A reverse mortgage loan can be a useful and practical tool for older homeowners looking to secure their financial future, but there’s a lot of misinformation surrounding how these loans work and who they can benefit. Make sure you know the truth about these five common misconceptions.
You will no longer own your home.
So long as you meet your standard loan obligations (residence, maintenance, property tax, and homeowner’s insurance), you’ll retain full ownership of your home.
You’ll be taxed on the money you receive from the loan.
Loan proceeds are not considered income and you will not pay taxes on loan proceeds.
Your heirs will be stuck with your debt after you pass away.
While it is true that your surviving kin will be responsible for the loan payoff, the amount can be covered by selling the house or relinquishing the deed to the lender. In the case of a sale, your heirs will receive the remainder of the home’s equity in cash after the loan balance is paid.
Any existing mortgages must be paid off in full in order for you to be approved.

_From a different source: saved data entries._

text \<open>Let \<open>q x\<close> be the distance from \<open>(x, 0)\<close> to the complement of \<open>U\<close>; it is Lipschitz
  and positive on \<open>(a, b)\<close>. Its infimum \<open>D t\<close> over the shrunk interval \<open>[a + t, b - t]\<close> is
  continuous, nondecreasing and positive for \<open>t > 0\<close>, so \<open>E t = t D t / (b - a)\<close> is a
  homeomorphism of some \<open>[0, t\<^sub>0]\<close> onto \<open>[0, d]\<close> with \<open>E t < D t\<close>. With \<open>\<theta> = E\<inverse>\<close>, the
  trapezoid \<open>a + \<theta> y \<le> x \<le> b - \<theta> y\<close>, \<open>0 < y \<le> d\<close>, consists of points with
  \<open>y = E t < D t \<le> q x\<close> for \<open>t = \<theta> y\<close>, and therefore lies in \<open>U\<close>.\<close>

lemma continuous_mono_on_image_Icc:
  fixes f :: "real \<Rightarrow> real"
  assumes "s \<le> t" "continuous_on {s..t} f" "mono_on {s..t} f"
  shows "f ` {s..t} = {f s..f t}"
proof
  show "f ` {s..t} \<subseteq> {f s..f t}"
    using assms(1,3) by (auto intro!: mono_onD[OF assms(3)])
  show "{f s..f t} \<subseteq> f ` {s..t}"
  proof
    fix y assume "y \<in> {f s..f t}"
    then obtain x where "s \<le> x" "x \<le> t" "f x = y"
      using IVT'[of f s y t] assms(1,2) by auto
    then show "y \<in> f ` {s..t}" by auto
  qed
qed

lemma continuous_strict_mono_on_inverse_Icc:
  fixes f :: "real \<Rightarrow> real"
  assumes "s \<le> t" "continuous_on {s..t} f" "strict_mono_on {s..t} f"
  obtains g where "continuous_on {f s..f t} g" "g (f s) = s"
    "\<And>y. y \<in> {f s..f t} \<Longrightarrow> g y \<in> {s..t} \<and> f (g y) = y"
proof
  have inj: "inj_on f {s..t}" using assms(3) by (rule strict_mono_on_imp_inj_on)
  have img: "f ` {s..t} = {f s..f t}"
    using continuous_mono_on_image_Icc[OF assms(1,2) strict_mono_on_imp_mono_on[OF assms(3)]] .
  show "continuous_on {f s..f t} (the_inv_into {s..t} f)"
    unfolding img[symmetric] by (rule continuous_on_inv_into[OF assms(2) compact_Icc inj])
  show "the_inv_into {s..t} f (f s) = s" using assms(1) by (simp add: the_inv_into_f_f[OF inj])
  show "the_inv_into {s..t} f y \<in> {s..t} \<and> f (the_inv_into {s..t} f y) = y"
    if "y \<in> {f s..f t}" for y
    using that inj unfolding img[symmetric] by (auto simp: the_inv_into_f_f)
qed

definition shrunk_Inf :: "(real \<Rightarrow> real) \<Rightarrow> real \<Rightarrow> real \<Rightarrow> real \<Rightarrow> real" where
  "shrunk_Inf q a b t = Inf (q ` {a + t..b - t})"

context
  fixes q :: "real \<Rightarrow> real" and a b L :: real
  assumes lipschitz: "L-lipschitz_on {a..b} q"
begin

lemma shrunk_Inf_le:
  assumes "0 \<le> t" "u \<in> {a + t..b - t}"
  shows "shrunk_Inf q a b t \<le> q u"
proof -
  have "continuous_on {a + t..b - t} q"
    using assms(1) by (intro continuous_on_subset[OF lipschitz_on_continuous_on[OF lipschitz]]) auto
  then have "bdd_below (q ` {a + t..b - t})"
    by (intro bounded_imp_bdd_below compact_imp_bounded compact_continuous_image) auto
  then show ?thesis
    unfolding shrunk_Inf_def using assms(2) by (rule cINF_lower)
qed

lemma shrunk_Inf_greatest:
  assumes "a + t \<le> b - t" "\<And>u. u \<in> {a + t..b - t} \<Longrightarrow> m \<le> q u"
  shows "m \<le> shrunk_Inf q a b t"
  unfolding shrunk_Inf_def using assms by (intro cINF_greatest) auto

lemma shrunk_Inf_mono:
  assumes "0 \<le> t" "t \<le> t'" "t' \<le> (b - a) / 2"
  shows "shrunk_Inf q a b t \<le> shrunk_Inf q a b t'"
  using assms by (intro shrunk_Inf_greatest shrunk_Inf_le) auto
lemma chromatic_number_complete_graph:
  assumes fin: "finite V" and K: "complete_graph V E"
  shows "chromatic_number V E = card V"
proof (rule antisym)
  have G: "simple_graph V E"
    using complete_graph_simple_graph[OF fin K] .
  show "chromatic_number V E \<le> card V"
    using chromatic_number_le[OF colorable_card[OF G]] .
  obtain f where f: "\<forall>v\<in>V. f v < chromatic_number V E"
    "\<forall>u w. {u, w} \<in> E \<longrightarrow> u \<noteq> w \<longrightarrow> f u \<noteq> f w"
    using colorable_chromatic_number[OF G] unfolding colorable_def by blast
  have "inj_on f V"
    using f(2) complete_graph_edge_iff[OF K] by (meson inj_onI)
  then have "card V = card (f ` V)"
    by (simp add: card_image)
  also have "\<dots> \<le> card {0..<chromatic_number V E}"
    using f(1) by (intro card_mono) auto
  finally show "card V \<le> chromatic_number V E"
    by simp
qed

lemma vertex_critical_complete_graph:
  assumes fin: "finite V" and K: "complete_graph V E"
  shows "vertex_critical V E"
  unfolding vertex_critical_def
proof
  fix v assume "v \<in> V"
  then have "card (V - {v}) < card V"
    using fin by (rule card_Diff1_less[rotated])
  then show "chromatic_number (V - {v}) (del_vertex_edges E v) < chromatic_number V E"
    using fin K complete_graph_del_vertex[OF K] by (simp add: chromatic_number_complete_graph)
qed

lemma colorable_complete_graph_Diff_disjoint_edges:
  assumes fin: "finite V" and K: "complete_graph V E"
    and e: "{a, x} \<in> E" "{b, y} \<in> E" "{a, x} \<inter> {b, y} = {}"
  shows "colorable V (E - {{a, x}, {b, y}}) (card V - 2)"
proof -
  have G: "simple_graph V E"
    using complete_graph_simple_graph[OF fin K] .
  have loopless: "a \<noteq> x" "b \<noteq> y"
    using simple_graph_edge_neq[OF G] e(1,2) by blast+
  then have in_V: "a \<in> V" "x \<in> V" "b \<in> V" "y \<in> V"
    using complete_graph_edge_iff[OF K] e(1,2) by blast+
  have distinct: "a \<noteq> b" "a \<noteq> y" "x \<noteq> b" "x \<noteq> y"
    using e(3) by auto
  define r where "r z = (if z = x then a else if z = y then b else z)" for z
  show ?thesis
  proof (rule colorable_via_map[where W = "V - {x, y}" and r = r])
    show "finite (V - {x, y})"
      using fin by simp
    have "card {x, y} = 2"
      using distinct(4) by simp
    then show "card (V - {x, y}) \<le> card V - 2"
      using fin in_V by (simp add: card_Diff_subset)
    show "\<Union>(E - {{a, x}, {b, y}}) \<subseteq> V"
      using simple_graph_Union_edges[OF G] by blast
    show "r v \<in> V - {x, y}" if "v \<in> V" for v
      using that in_V distinct loopless by (simp add: r_def)
  next
    fix u w assume uw: "{u, w} \<in> E - {{a, x}, {b, y}}" "u \<noteq> w"
    have "{u, w} = {a, x} \<or> {u, w} = {b, y}" if "r u = r w"
      using that uw(2) distinct loopless by (auto simp: r_def split: if_splits)
    then show "r u \<noteq> r w"
      using uw(1) by blast
  qed
qed

lemma double_edge_critical_complete_graph:
  assumes fin: "finite V" and K: "complete_graph V E"
  shows "double_edge_critical V E"
  unfolding double_edge_critical_def
proof (intro conjI ballI impI)
  show "vertex_critical V E"
    using vertex_critical_complete_graph[OF fin K] .
  fix e1 e2 assume e: "e1 \<in> E" "e2 \<in> E" "e1 \<inter> e2 = {}"
  obtain a x b y where edges: "e1 = {a, x}" "e2 = {b, y}" "x \<in> V" "y \<in> V" "x \<noteq> y"
    using e K unfolding complete_graph_def by blast
  have "card {x, y} \<le> card V"
    using fin edges(3,4) by (intro card_mono) auto
  then have "2 \<le> card V"
    using edges(5) by simp
  moreover have "chromatic_number V (E - {e1, e2}) \<le> card V - 2"
    using colorable_complete_graph_Diff_disjoint_edges[OF fin K] e edges(1,2)
    by (metis chromatic_number_le)
  ultimately show "int (chromatic_number V (E - {e1, e2})) \<le> int (chromatic_number V E) - 2"
    using chromatic_number_complete_graph[OF fin K] by linarith
qed
text \<open>Countably many representations are merged into one by interleaving their atoms
  along the pairing bijection.\<close>
lemma modal_representable_compose:
  fixes F :: "nat \<Rightarrow> 'b::{order,topological_space} set \<Rightarrow> real"
  assumes "\<And>n. modal_representable Z (F n)" "cont_mono_unit (cube UNIV) \<Psi>"
  shows "modal_representable Z (\<lambda>K. \<Psi> (\<lambda>n. F n K))"
proof -
  have "\<forall>n. \<exists>h b \<sigma>. (\<forall>j::nat. cont_mono_unit Z (h j)) \<and> cont_mono_unit (cube UNIV) \<sigma>
          \<and> (\<forall>K\<in>Vc Z. F n K = \<sigma> (\<lambda>j. modal_atom (h j) (b j) K))"
    using assms(1) by (simp add: modal_representable_def)
  then obtain h :: "nat \<Rightarrow> nat \<Rightarrow> 'b \<Rightarrow> real" and b :: "nat \<Rightarrow> nat \<Rightarrow> bool"
    and \<sigma> :: "nat \<Rightarrow> (nat \<Rightarrow> real) \<Rightarrow> real" where hb\<sigma>: "\<And>n j. cont_mono_unit Z (h n j)" "\<And>n. cont_mono_unit (cube UNIV) (\<sigma> n)"
      "\<And>n K. K \<in> Vc Z \<Longrightarrow> F n K = \<sigma> n (\<lambda>j. modal_atom (h n j) (b n j) K)"
    by metis
  define R where "R u = (\<lambda>n. \<sigma> n (\<lambda>j. u (prod_encode (n, j))))" for u :: "nat \<Rightarrow> real"
  have "cont_mono_unit (cube UNIV) (\<lambda>u. \<Psi> (R u))"
  proof (rule cont_mono_unit_compose[OF assms(2)])
    have \<sigma>': "cont_mono_unit (cube UNIV) (\<lambda>u::nat \<Rightarrow> real. \<sigma> n (\<lambda>j. u (prod_encode (n, j))))" for n
      by (rule cont_mono_unit_reindex[OF hb\<sigma>(2)])
    then show "continuous_on (cube UNIV) R"
      unfolding R_def cont_mono_unit_def by (intro continuous_on_coordinatewise_then_product) blast
    show "R ` cube UNIV \<subseteq> cube UNIV"
    proof (rule image_subsetI)
      fix u :: "nat \<Rightarrow> real" assume "u \<in> cube UNIV"
      then have "\<sigma> n (\<lambda>j. u (prod_encode (n, j))) \<in> {0..1}" for n
        using \<sigma>'[of n] unfolding cont_mono_unit_def by blast
      then show "R u \<in> cube UNIV"
        unfolding mem_cube_UNIV R_def by blast
    qed
    show "mono_on (cube UNIV) R"
    proof (rule mono_onI)
      fix u v :: "nat \<Rightarrow> real" assume uv: "u \<in> cube UNIV" "v \<in> cube UNIV" "u \<le> v"
      have "\<sigma> n (\<lambda>j. u (prod_encode (n, j))) \<le> \<sigma> n (\<lambda>j. v (prod_encode (n, j)))" for n
        using \<sigma>'[of n] mono_onD[OF _ uv, of "\<lambda>u. \<sigma> n (\<lambda>j. u (prod_encode (n, j)))"]
        by (simp add: cont_mono_unit_def)
      then show "R u \<le> R v"
        by (simp add: R_def le_fun_def)
    qed
  qed
  moreover have "\<Psi> (\<lambda>n. F n K) = \<Psi> (R (\<lambda>j. modal_atom (case_prod h (prod_decode j)) (case_prod b (prod_decode j)) K))"
    if "K \<in> Vc Z" for K
    using hb\<sigma>(3)[OF that] by (simp add: R_def)
  ultimately show ?thesis
    unfolding modal_representable_def using hb\<sigma>(1)
    by (intro exI[of _ "\<lambda>j. case_prod h (prod_decode j)"] exI[of _ "\<lambda>j. case_prod b (prod_decode j)"]
        exI[of _ "\<lambda>u. \<Psi> (R u)"]) (simp add: split_beta)
qed

lemma modal_representable_const:
  assumes "c \<in> {0..1}"
  shows "modal_representable Z (\<lambda>K. c)"
  unfolding modal_representable_def using assms
  by (intro exI[of _ "\<lambda>_ _. 0"] exI[of _ "\<lambda>_. True"] exI[of _ "\<lambda>_. c"])
     (auto simp: cont_mono_unit_def mono_on_def)

lemma modal_representable_affine_atom:
  assumes "cont_mono_unit Z h" "0 \<le> a" "0 \<le> c" "a + c \<le> 1"
  shows "modal_representable Z (\<lambda>K. a + c * modal_atom h b K)"
proof -
  have "cont_mono_unit (cube UNIV) (\<lambda>u::nat \<Rightarrow> real. a + c * u 0)"
    unfolding cont_mono_unit_def
  proof (intro conjI)
    show "continuous_on (cube UNIV) (\<lambda>u::nat \<Rightarrow> real. a + c * u 0)"
      by (intro continuous_intros continuous_on_coordinate)
    have "a + c * t \<in> {0..1}" if "t \<in> {0..1}" for t
      using assms(2-4) that mult_left_le[of t c] by auto
    then show "(\<lambda>u::nat \<Rightarrow> real. a + c * u 0) ` cube UNIV \<subseteq> {0..1}"
      by (auto simp: mem_cube_UNIV)
    show "mono_on (cube UNIV) (\<lambda>u::nat \<Rightarrow> real. a + c * u 0)"
      using assms(3) by (auto simp: le_fun_def intro!: mono_onI mult_left_mono)
  qed
  then show ?thesis
    unfolding modal_representable_def using assms(1)
    by (intro exI[of _ "\<lambda>_. h"] exI[of _ "\<lambda>_. b"] exI[of _ "\<lambda>u. a + c * u 0"]) simp
qed

lemma modal_representable_binop:
  assumes "modal_representable Z F" "modal_representable Z G"
    and "cont_mono_unit (cube UNIV) (\<lambda>u::nat \<Rightarrow> real. \<phi> (u 0) (u 1))"
  shows "modal_representable Z (\<lambda>K. \<phi> (F K) (G K))"
  using modal_representable_compose[of Z "\<lambda>n. if n = 0 then F else G", OF _ assms(3)] assms(1,2)
  by simp

lemma modal_representable_min:
  assumes "modal_representable Z F" "modal_representable Z G"
  shows "modal_representable Z (\<lambda>K. min (F K) (G K))"
proof (rule modal_representable_binop[OF assms])
  show "cont_mono_unit (cube UNIV) (\<lambda>u::nat \<Rightarrow> real. min (u 0) (u 1))"
    by (auto simp: cont_mono_unit_def mem_cube_UNIV le_fun_def min_le_iff_disj
        intro!: continuous_intros continuous_on_coordinate mono_onI min.mono)
qed

lemma modal_representable_max:
  assumes "modal_representable Z F" "modal_representable Z G"
  shows "modal_representable Z (\<lambda>K. max (F K) (G K))"
proof (rule modal_representable_binop[OF assms])
  show "cont_mono_unit (cube UNIV) (\<lambda>u::nat \<Rightarrow> real. max (u 0) (u 1))"
    by (auto simp: cont_mono_unit_def mem_cube_UNIV le_fun_def le_max_iff_disj
        intro!: continuous_intros continuous_on_coordinate mono_onI max.mono)
qed

lemma continuous_map_modal_representable:
  assumes "compact Z" "modal_representable Z F"
  shows "continuous_map (Vc_top Z) euclideanreal F"
proof -
  obtain h b \<sigma> where h: "\<forall>j::nat. cont_mono_unit Z (h j)" and \<sigma>: "cont_mono_unit (cube UNIV) \<sigma>"
    and F: "\<forall>K\<in>Vc Z. F K = \<sigma> (\<lambda>j. modal_atom (h j) (b j) K)"
    using assms(2) unfolding modal_representable_def by blast
  define A where "A K = (\<lambda>j. modal_atom (h j) (b j) K)" for K
  have "continuous_map (Vc_top Z) euclidean A"
    unfolding A_def euclidean_product_topology[symmetric] continuous_map_componentwise_UNIV
    using continuous_map_modal_atom[OF assms(1) h[rule_format]] by blast
  moreover have "A \<in> topspace (Vc_top Z) \<rightarrow> cube UNIV"
    using modal_atom_in_unit[OF assms(1) h[rule_format]] by (auto simp: A_def topspace_Vc_top mem_cube_UNIV)
  ultimately have "continuous_map (Vc_top Z) (top_of_set (cube UNIV)) A"
    by (simp add: continuous_map_in_subtopology)
  moreover have "continuous_map (top_of_set (cube UNIV)) euclideanreal \<sigma>"
    using \<sigma> by (simp add: cont_mono_unit_def)
  ultimately have "continuous_map (Vc_top Z) euclideanreal (\<sigma> \<circ> A)"
    by (rule continuous_map_compose)
  then show ?thesis
    by (rule continuous_map_eq) (simp add: F A_def topspace_Vc_top)
qed

section \<open>Lattice approximation\<close>

lemma compact_space_pointwise_cover:
  assumes "compact_space T" "\<And>x. x \<in> topspace T \<Longrightarrow> openin T (U x) \<and> x \<in> U x"
  obtains D where "finite D" "D \<subseteq> topspace T" "topspace T \<subseteq> (\<Union>x\<in>D. U x)"
proof -
  have "compactin T (topspace T)" "\<forall>V\<in>U ` topspace T. openin T V" "topspace T \<subseteq> \<Union>(U ` topspace T)"
    using assms by (auto simp: compact_space_def)
  then obtain \<F> where "finite \<F>" "\<F> \<subseteq> U ` topspace T" "topspace T \<subseteq> \<Union>\<F>"
    unfolding compactin_def by meson
  then obtain D where "D \<subseteq> topspace T" "finite D" "\<F> = U ` D"
    using finite_subset_image by meson
  then show thesis
    using that \<open>topspace T \<subseteq> \<Union>\<F>\<close> by blast
qed

lemma openin_diff_less:
  assumes "continuous_map T euclideanreal F" "continuous_map T euclideanreal G"
  shows "openin T {x \<in> topspace T. F x - G x < \<epsilon>}"
  using openin_continuous_map_preimage[OF continuous_map_diff[OF assms], of "{..<\<epsilon>}"] by simp

lemma Min_closed:
  assumes "\<And>F G. P F \<Longrightarrow> P G \<Longrightarrow> P (\<lambda>x. min (F x) (G x))" "finite D" "D \<noteq> {}" "\<And>d. d \<in> D \<Longrightarrow> P (G d)"
  shows "P (\<lambda>x. MIN d\<in>D. G d x)"
  using assms(2-4)
proof (induction D rule: finite_ne_induct)
  case (insert d D)
  then show ?case
    using assms(1)[of "G d" "\<lambda>x. MIN d\<in>D. G d x"] by simp
qed simp

lemma Max_closed:
  assumes "\<And>F G. P F \<Longrightarrow> P G \<Longrightarrow> P (\<lambda>x. max (F x) (G x))" "finite D" "D \<noteq> {}" "\<And>d. d \<in> D \<Longrightarrow> P (G d)"
  shows "P (\<lambda>x. MAX d\<in>D. G d x)"
  using assms(2-4)
proof (induction D rule: finite_ne_induct)
  case (insert d D)
  then show ?case
    using assms(1)[of "G d" "\<lambda>x. MAX d\<in>D. G d x"] by simp
qed simp

lemma lattice_upper_approximation:
  fixes T :: "'x topology" and P :: "('x \<Rightarrow> real) \<Rightarrow> bool"
  assumes "compact_space T"
    and cont: "\<And>F. P F \<Longrightarrow> continuous_map T euclideanreal F"
    and min: "\<And>F G. P F \<Longrightarrow> P G \<Longrightarrow> P (\<lambda>x. min (F x) (G x))"
    and interpolate: "\<And>x y. x \<in> topspace T \<Longrightarrow> y \<in> topspace T \<Longrightarrow> \<exists>F. P F \<and> F x = f x \<and> F y \<le> f y"
    and f: "continuous_map T euclideanreal f" and "0 < \<epsilon>" and x: "x \<in> topspace T"
  shows "\<exists>H. P H \<and> H x = f x \<and> (\<forall>y\<in>topspace T. H y < f y + \<epsilon>)"
proof -
  obtain G where G: "\<And>y. y \<in> topspace T \<Longrightarrow> P (G y) \<and> G y x = f x \<and> G y y \<le> f y"
    using interpolate[OF x] by metis
  define U where "U y = {z \<in> topspace T. G y z - f z < \<epsilon>}" for y
  have "openin T (U y) \<and> y \<in> U y" if "y \<in> topspace T" for y
    using openin_diff_less[OF cont f] G[OF that] that \<open>0 < \<epsilon>\<close> unfolding U_def by auto
  then obtain D where D: "finite D" "D \<subseteq> topspace T" "topspace T \<subseteq> (\<Union>y\<in>D. U y)"
    using compact_space_pointwise_cover[OF assms(1)] by metis
  then have "D \<noteq> {}"
    using x by blast
  define H where "H z = (MIN y\<in>D. G y z)" for z
  have "P H"
    unfolding H_def using min D(1) \<open>D \<noteq> {}\<close> by (rule Min_closed) (auto dest: subsetD[OF D(2)] G)
  moreover have "H x = f x"
    using G D(2) \<open>D \<noteq> {}\<close> by (simp add: H_def subset_iff image_constant_conv cong: image_cong)
  moreover have "H z < f z + \<epsilon>" if z: "z \<in> topspace T" for z
  proof -
    obtain y where y: "y \<in> D" "z \<in> U y"
      using D(3) z by blast
    then have "H z \<le> G y z"
      using D(1) by (simp add: H_def)
    also have "\<dots> < f z + \<epsilon>"
      using y(2) by (simp add: U_def)
    finally show ?thesis .
  qed
  ultimately show ?thesis
    by blast
qed

text \<open>The lattice version of the Stone-Weierstrass theorem (Kakutani-Krein).\<close>
lemma lattice_approximation:
  fixes T :: "'x topology" and P :: "('x \<Rightarrow> real) \<Rightarrow> bool"
  assumes "compact_space T" "topspace T \<noteq> {}"
    and cont: "\<And>F. P F \<Longrightarrow> continuous_map T euclideanreal F"
    and min: "\<And>F G. P F \<Longrightarrow> P G \<Longrightarrow> P (\<lambda>x. min (F x) (G x))"
    and max: "\<And>F G. P F \<Longrightarrow> P G \<Longrightarrow> P (\<lambda>x. max (F x) (G x))"
    and interpolate: "\<And>x y. x \<in> topspace T \<Longrightarrow> y \<in> topspace T \<Longrightarrow> \<exists>F. P F \<and> F x = f x \<and> F y \<le> f y"
    and f: "continuous_map T euclideanreal f" and "0 < \<epsilon>"
  shows "\<exists>F. P F \<and> (\<forall>x\<in>topspace T. \<bar>F x - f x\<bar> < \<epsilon>)"
proof -
  obtain H where H: "\<And>x. x \<in> topspace T \<Longrightarrow> P (H x) \<and> H x x = f x \<and> (\<forall>y\<in>topspace T. H x y < f y + \<epsilon>)"
    using lattice_upper_approximation[OF assms(1) cont min interpolate f \<open>0 < \<epsilon>\<close>] by metis
  define U where "U x = {z \<in> topspace T. f z - H x z < \<epsilon>}" for x
  have "openin T (U x) \<and> x \<in> U x" if "x \<in> topspace T" for x
    using openin_diff_less[OF f cont] H[OF that] that \<open>0 < \<epsilon>\<close> unfolding U_def by auto
  then obtain D where D: "finite D" "D \<subseteq> topspace T" "topspace T \<subseteq> (\<Union>x\<in>D. U x)"
    using compact_space_pointwise_cover[OF assms(1)] by metis
  then have "D \<noteq> {}"
    using assms(2) by blast
  define F where "F z = (MAX x\<in>D. H x z)" for z
  have "P F"
    unfolding F_def using max D(1) \<open>D \<noteq> {}\<close> by (rule Max_closed) (auto dest: subsetD[OF D(2)] H)
  moreover have "\<bar>F z - f z\<bar> < \<epsilon>" if z: "z \<in> topspace T" for z
  proof -
    have upper: "F z < f z + \<epsilon>"
      unfolding F_def using D(1) \<open>D \<noteq> {}\<close> H D(2) z by (subst Max_less_iff) auto
    obtain x where x: "x \<in> D" "z \<in> U x"
      using D(3) z by blast
    then have "f z - \<epsilon> < H x z"
      by (simp add: U_def)
    also have "H x z \<le> F z"
      using D(1) x(1) by (simp add: F_def)
    finally show ?thesis
      using upper by linarith
  qed
  ultimately show ?thesis
    by blast
qed

section \<open>Limits of fast sequences\<close>

primrec clamped_seq :: "(nat \<Rightarrow> real) \<Rightarrow> (nat \<Rightarrow> real) \<Rightarrow> nat \<Rightarrow> real" where
  "clamped_seq e v 0 = v 0"
| "clamped_seq e v (Suc n) = max (min (v (Suc n)) (clamped_seq e v n + e n)) (clamped_seq e v n - e n)"

lemma continuous_on_clamped_seq: "continuous_on S (\<lambda>v. clamped_seq e v n)"
  by (induction n) (simp_all add: continuous_on_coordinate continuous_intros)
definition w :: "real \<Rightarrow> real \<Rightarrow> complex" where
  "w a = (THE v. continuous_on {0..pi} v \<and> (\<forall>t\<in>{0..pi}. v t ^ 4 = radicand a t) \<and> v 0 = 1
                 \<and> (\<forall>t. t \<notin> {0..pi} \<longrightarrow> v t = 0))"

definition F :: "real \<Rightarrow> real" where
  "F a = - integral {0..pi} (\<lambda>t. Im (w a t) / sqrt (a + 1 / a - 2 * cos t))"

end

theory Submission
  imports Defs
begin

text \<open>
  For \<open>t \<in> [0, pi]\<close> the fourth root is explicitly \<open>w a t = cis (t - \<theta> / 2)\<close>, where
  \<open>\<theta> \<in> [0, pi]\<close> is the argument of \<open>cis t - a\<close>: indeed
  \<open>cis (3t) (1 - a cis t) / (cis t - a) = cis (4t) / cis (2\<theta>)\<close>, because
  \<open>(1 - a cis t) cis t = |cis t - a|\<^sup>2\<close>; a continuous nonvanishing fourth root is determined by
  its value at \<open>0\<close>.
  An elementary estimate shows \<open>\<theta> \<le> 2t\<close> as long as \<open>a \<le> 1/2\<close>; then \<open>Im (w a t) \<ge> 0\<close> on
  \<open>[0, pi]\<close>, with \<open>Im (w a pi) = 1\<close>, so \<open>F a < 0\<close>.  Hence no zero of \<open>F\<close> lies in \<open>(0, 1/2]\<close>.
\<close>

lemma continuous_nth_roots_eq:
  fixes f g :: "'a::topological_space \<Rightarrow> 'b::real_normed_field"
  assumes "connected S" "continuous_on S f" "continuous_on S g" "n > 0"
    and "\<And>x. x \<in> S \<Longrightarrow> f x ^ n = g x ^ n" "\<And>x. x \<in> S \<Longrightarrow> g x \<noteq> 0"
    and "x0 \<in> S" "f x0 = g x0" "x \<in> S"
  shows "f x = g x"
proof -
  define q where "q x = f x / g x" for x
  have "continuous_on S q"
    unfolding q_def using assms(2,3,6) by (intro continuous_intros) auto
  moreover have "q ` S \<subseteq> {z. z ^ n = 1}"
    using assms(5,6) by (auto simp: q_def power_divide)
  then have "finite (q ` S)"
    using finite_roots_unity[of n] assms(4) by (auto intro: finite_subset)
  ultimately have "q constant_on S"
    using assms(1) by (intro continuous_finite_range_constant)
  then have "q x = q x0"
    using assms(7,9) by (auto simp: constant_on_def)
  then show ?thesis
    using assms(6-9) by (simp add: q_def)
qed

Borrowers often use the money from a reverse mortgage to finish paying off their original mortgage, bringing an end to monthly mortgage payments. (It is the borrower’s responsibility to continue to pay for property taxes, homeowners insurance, and home maintenance.)
Reverse mortgages are for people with financial difficulties.
Used properly, a reverse mortgage can be a smart addition to any senior homeowner’s financial and estate planning strategy, freeing up funds and increasing overall quality of life.